Q So, fourth year in the administration. You’ve done this before. What are the major shifts with this budget, specifically compared to what you did, let’s say, last year or two years ago?
ACTING DIRECTOR VOUGHT: It’s very similar to years past, particularly last year’s budget and the years before.
One of the major shifts that’s already been reported on is Yucca Mountain; that is a change. There is the presence of a view that we need to end this belief that a permanent site is going to be housed at Yucca Mountain if the state where it exists is not supportive of it politically. And so we’re proposing to consider alternatives. We’re proposing interim storage. These are all things that we want to consider to get the site — the waste off of sites across the country. But in terms of Yucca, that is a change.

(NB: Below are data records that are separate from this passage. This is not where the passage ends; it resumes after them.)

(* Let $\mathcal{H}$ be a separable complex Hilbert space with $\dim\mathcal{H}=\infty$, and let $A\in\mathcal{B}(\mathcal{H})$. Then there exist two orthonormal bases $(u_n)_{n\in\mathbb{N}}$ and $(v_n)_{n\in\mathbb{N}}$ of $\mathcal{H}$ such that, for every $N\in\mathbb{N}$, the $N\times N$ matrix $A_N$ with entries $(A_N)_{ij}=\langle v_i,Au_j\rangle$, $i,j\in\{1,\dots,N\}$, is singular.
   Context: $\mathcal{B}(\mathcal{H})$ denotes the space of bounded, everywhere defined linear operators on $\mathcal{H}$. The inner product $\langle\cdot,\cdot\rangle$ is antilinear in the first entry and linear in the second. *)

theory Defs
  imports Complex_Main "HOL-Library.Countable_Set" "Jordan_Normal_Form.Determinant"
begin

class complex_inner = ab_group_add +
  fixes scaleC :: "complex \<Rightarrow> 'a \<Rightarrow> 'a" (infixr "*\<^sub>C" 75)
  fixes cinner :: "'a \<Rightarrow> 'a \<Rightarrow> complex"
  assumes scaleC_add_right: "a *\<^sub>C (x + y) = a *\<^sub>C x + a *\<^sub>C y"
    and scaleC_add_left: "(a + b) *\<^sub>C x = a *\<^sub>C x + b *\<^sub>C x"
    and scaleC_scaleC: "a *\<^sub>C (b *\<^sub>C x) = (a * b) *\<^sub>C x"
    and scaleC_one: "1 *\<^sub>C x = x"
    and cinner_add_right: "cinner x (y + z) = cinner x y + cinner x z"
    and cinner_scaleC_right: "cinner x (a *\<^sub>C y) = a * cinner x y"
    and cinner_commute: "cinner y x = cnj (cinner x y)"
    and cinner_ge_zero: "0 \<le> Re (cinner x x)"
    and cinner_eq_zero_iff: "cinner x x = 0 \<longleftrightarrow> x = 0"
lemma psi_machine:
  "psi machine x t = (if \<forall>i\<in>{1..t}. fst (run x i) \<notin> A \<union> R then ket (run x t) else (\<lambda>_. 0))"
proof (induction t)
  case 0
  show ?case
    by (simp add: run_def ket_def)
next
  case (Suc t)
  have "{1..Suc t} = insert (Suc t) {1..t}"
    by auto
  then show ?case
    using Suc by (simp add: Uop_run proj_ket)
qed

lemma halting_prob_machine:
  "nsq (proj H (Uop machine x (psi machine x t))) =
     (if (\<forall>i\<in>{1..t}. fst (run x i) \<notin> A \<union> R) \<and> fst (run x (Suc t)) \<in> H then 1 else 0)"
  by (simp add: psi_machine Uop_run proj_ket)

lemma halting_prob_sums_one:
  assumes "H \<subseteq> A \<union> R" "\<forall>i\<in>{1..T}. fst (run x i) \<notin> A \<union> R" "fst (run x (Suc T)) \<in> H"
  shows "(\<lambda>t. nsq (proj H (Uop machine x (psi machine x t)))) sums 1"
proof -
  have "(\<lambda>t. nsq (proj H (Uop machine x (psi machine x t)))) = (\<lambda>t. if t = T then 1 else 0)"
  proof
    fix t
    consider "t < T" | "t = T" | "T < t"
      by linarith
    then show "nsq (proj H (Uop machine x (psi machine x t))) = (if t = T then 1 else 0)"
      unfolding halting_prob_machine using assms by cases (fastforce+)
  qed
  then show ?thesis
    using sums_single[of T "\<lambda>_. 1::real"] by simp
qed

inductive reaches :: "'a list \<Rightarrow> conf \<Rightarrow> conf \<Rightarrow> bool" for x where
  reaches_refl: "fst C \<notin> A \<union> R \<Longrightarrow> reaches x C C"
| reaches_step: "fst C \<notin> A \<union> R \<Longrightarrow> reaches x (step x C) D \<Longrightarrow> reaches x C D"

lemma reaches_trans [trans]: "reaches x C D \<Longrightarrow> reaches x D E \<Longrightarrow> reaches x C E"
  by (induction rule: reaches.induct) (auto intro: reaches_step)

lemma reaches_stepI:
  "fst C \<notin> A \<union> R \<Longrightarrow> fst D \<notin> A \<union> R \<Longrightarrow> step x C = D \<Longrightarrow> reaches x C D"
  by (auto intro: reaches.intros)

lemma reaches_iterate:
  "reaches x C D \<Longrightarrow> \<exists>k. (step x ^^ k) C = D \<and> (\<forall>i\<le>k. fst ((step x ^^ i) C) \<notin> A \<union> R)"
proof (induction rule: reaches.induct)
  case (reaches_refl C)
  then show ?case
    by (intro exI[of _ 0]) auto
next
  case (reaches_step C D)
  then obtain k where k: "(step x ^^ k) (step x C) = D"
    "\<forall>i\<le>k. fst ((step x ^^ i) (step x C)) \<notin> A \<union> R"
    by blast
  have "fst ((step x ^^ i) C) \<notin> A \<union> R" if "i \<le> Suc k" for i
  proof (cases i)
    case 0
    then show ?thesis
      using reaches_step.hyps(1) by simp
  next
    case (Suc j)
    then show ?thesis
      using k(2) that by (simp add: funpow_Suc_right del: funpow.simps)
  qed
  with k(1) show ?case
    by (intro exI[of _ "Suc k"]) (simp add: funpow_Suc_right del: funpow.simps)
qed

definition ends_in :: "'a list \<Rightarrow> conf \<Rightarrow> nat \<Rightarrow> bool" where
  "ends_in x C q \<longleftrightarrow> (\<exists>D. reaches x C D \<and> fst (step x D) = q)"

lemma ends_inI: "fst C \<notin> A \<union> R \<Longrightarrow> fst (step x C) = q \<Longrightarrow> ends_in x C q"
  unfolding ends_in_def by (blast intro: reaches_refl)

lemma reaches_ends_in: "reaches x C D \<Longrightarrow> ends_in x D q \<Longrightarrow> ends_in x C q"
  by (auto simp: ends_in_def intro: reaches_trans)

lemma halting_prob_sums_one_if_ends_in:
  assumes "ends_in x (q0, 0, 0) q" "q \<in> H" "H \<subseteq> A \<union> R"
  shows "(\<lambda>t. nsq (proj H (Uop machine x (psi machine x t)))) sums 1"
proof -
  obtain D where D: "reaches x (q0, 0, 0) D" "fst (step x D) = q"
    using assms(1) by (auto simp: ends_in_def)
  then obtain T where T: "run x T = D" "\<forall>i\<le>T. fst (run x i) \<notin> A \<union> R"
    unfolding run_def by (blast dest: reaches_iterate)
  then have "run x (Suc T) = step x D"
    by (simp add: run_def)
  then show ?thesis
    using T(2) D(2) assms(2,3) by (intro halting_prob_sums_one[where T = T]) auto
qed

theorem accepts_if_ends_in:
  "ends_in (x :: 'a list) (q0, 0, 0) q \<Longrightarrow> q \<in> A \<Longrightarrow> accepts_with_prob machine x 1"
  unfolding accepts_with_prob_def acc_step_def
  using halting_prob_sums_one_if_ends_in[of x q A] by simp
lemma weyl_exponent_add:
  assumes antisym: "\<And>i j. \<sigma> i j = - \<sigma> j i"
  shows "weyl_exponent \<sigma> m (\<lambda>i. k i + l i) - weyl_exponent \<sigma> m k - weyl_exponent \<sigma> m l
     = (\<Sum>i<m. \<Sum>j<m. k i * l j * \<sigma> i j) - 2 * (\<Sum>i<m. \<Sum>j<i. k i * l j * \<sigma> i j)"
proof (induction m)
  case 0
  show ?case by (simp add: weyl_exponent_def)
next
  case (Suc m)
  have diag: "\<sigma> m m = 0" using antisym[of m m] by simp
  have "(\<Sum>j<m. k m * l j * \<sigma> m j) = - (\<Sum>j<m. l j * k m * \<sigma> j m)"
    by (simp add: sum_negf[symmetric] antisym[of m] mult_ac)
  with Suc diag show ?case
    by (simp add: weyl_exponent_Suc sum.distrib sum_distrib_left algebra_simps)
qed

locale quantum_torus = central_character q for q :: "int \<Rightarrow> 'a::ring_1" +
  fixes n :: nat and Z Zi :: "nat \<Rightarrow> 'a" and \<sigma> :: "nat \<Rightarrow> nat \<Rightarrow> int"
  assumes Z_Zi: "i < n \<Longrightarrow> Z i * Zi i = 1"
    and Zi_Z: "i < n \<Longrightarrow> Zi i * Z i = 1"
    and Z_commute: "i < n \<Longrightarrow> j < n \<Longrightarrow> Z i * Z j = q (2 * \<sigma> i j) * Z j * Z i"
begin

lemma qcommute_zpow:
  assumes "i < n" "j < n"
  shows "qcommute (zpow Z Zi i p) (zpow Z Zi j r) (p * r * (2 * \<sigma> i j))"
proof -
  have "qcommute (Z i) (Z j) (2 * \<sigma> i j)"
    using Z_commute[OF assms] by (simp add: qcommute_def)
  from qcommute_zpow_right[where Z = Z and Zi = Zi and j = j,
      OF qcommute_zpow_left[where Z = Z and Zi = Zi and i = i, OF this] Z_Zi Zi_Z] assms Z_Zi Zi_Z
  show ?thesis by (simp add: mult_ac)
qed

lemma qcommute_zpow_monom:
  assumes "i < n" "m \<le> n"
  shows "qcommute (zpow Z Zi i p) (monom m Z Zi l) (\<Sum>j<m. p * l j * (2 * \<sigma> i j))"
  using assms(2)
proof (induction m)
  case 0
  show ?case by (simp add: monom_def qcommute_one_right)
next
  case (Suc m)
  have "qcommute (zpow Z Zi i p) (monom m Z Zi l * zpow Z Zi m (l m))
      ((\<Sum>j<m. p * l j * (2 * \<sigma> i j)) + p * l m * (2 * \<sigma> i m))"
    using Suc assms(1) by (intro qcommute_mult_right qcommute_zpow) auto
  then show ?case by (simp add: monom_Suc)
qed

lemma monom_mult:
  assumes "m \<le> n"
  shows "monom m Z Zi k * monom m Z Zi l
     = q (2 * (\<Sum>i<m. \<Sum>j<i. k i * l j * \<sigma> i j)) * monom m Z Zi (\<lambda>i. k i + l i)"
  using assms
proof (induction m)
  case 0
  show ?case by (simp add: monom_def)
next
  case (Suc m)
  let ?M = "\<lambda>k. monom m Z Zi k" and ?X = "\<lambda>p. zpow Z Zi m p"
  let ?c = "\<Sum>j<m. k m * l j * (2 * \<sigma> m j)"
  let ?E = "2 * (\<Sum>i<m. \<Sum>j<i. k i * l j * \<sigma> i j)"
  have "monom (Suc m) Z Zi k * monom (Suc m) Z Zi l = ?M k * (?X (k m) * ?M l) * ?X (l m)"
    by (simp add: monom_Suc mult.assoc)
  also have "\<dots> = ?M k * (q ?c * ?M l * ?X (k m)) * ?X (l m)"
    using qcommute_zpow_monom[of m m "k m" l] Suc by (simp add: qcommute_def)
  also have "\<dots> = q ?c * ((?M k * ?M l) * (?X (k m) * ?X (l m)))"
    by (simp add: mult.assoc q_left_commute[of "?M k"])
  also have "\<dots> = q ?c * (q ?E * ?M (\<lambda>i. k i + l i) * ?X (k m + l m))"
    using Suc zpow_add[where Z = Z and Zi = Zi and i = m, OF Z_Zi Zi_Z] by simp
  also have "\<dots> = q (?c + ?E) * monom (Suc m) Z Zi (\<lambda>i. k i + l i)"
    by (simp add: monom_Suc mult.assoc q_q_mult)
  also have "?c + ?E = 2 * (\<Sum>i<Suc m. \<Sum>j<i. k i * l j * \<sigma> i j)"
    by (simp add: sum_distrib_left algebra_simps)
  finally show ?case .
qed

The NASA budget is a higher level, and that reflects the initial cost of getting to the Moon and then to Mars and beyond. So — and there’s also a block grant for the education spending that takes about 30 different programs and consolidates them into a $19.4 billion education block grant. That is a new proposal. It is basically at the enacted level from fiscal year ’20. Once you subtract programs that we’ve long proposed to eliminate — like the 21st Century Learning Center program, which you look at the people who are on the program and they don’t really actually increase their proficiency in math or reading.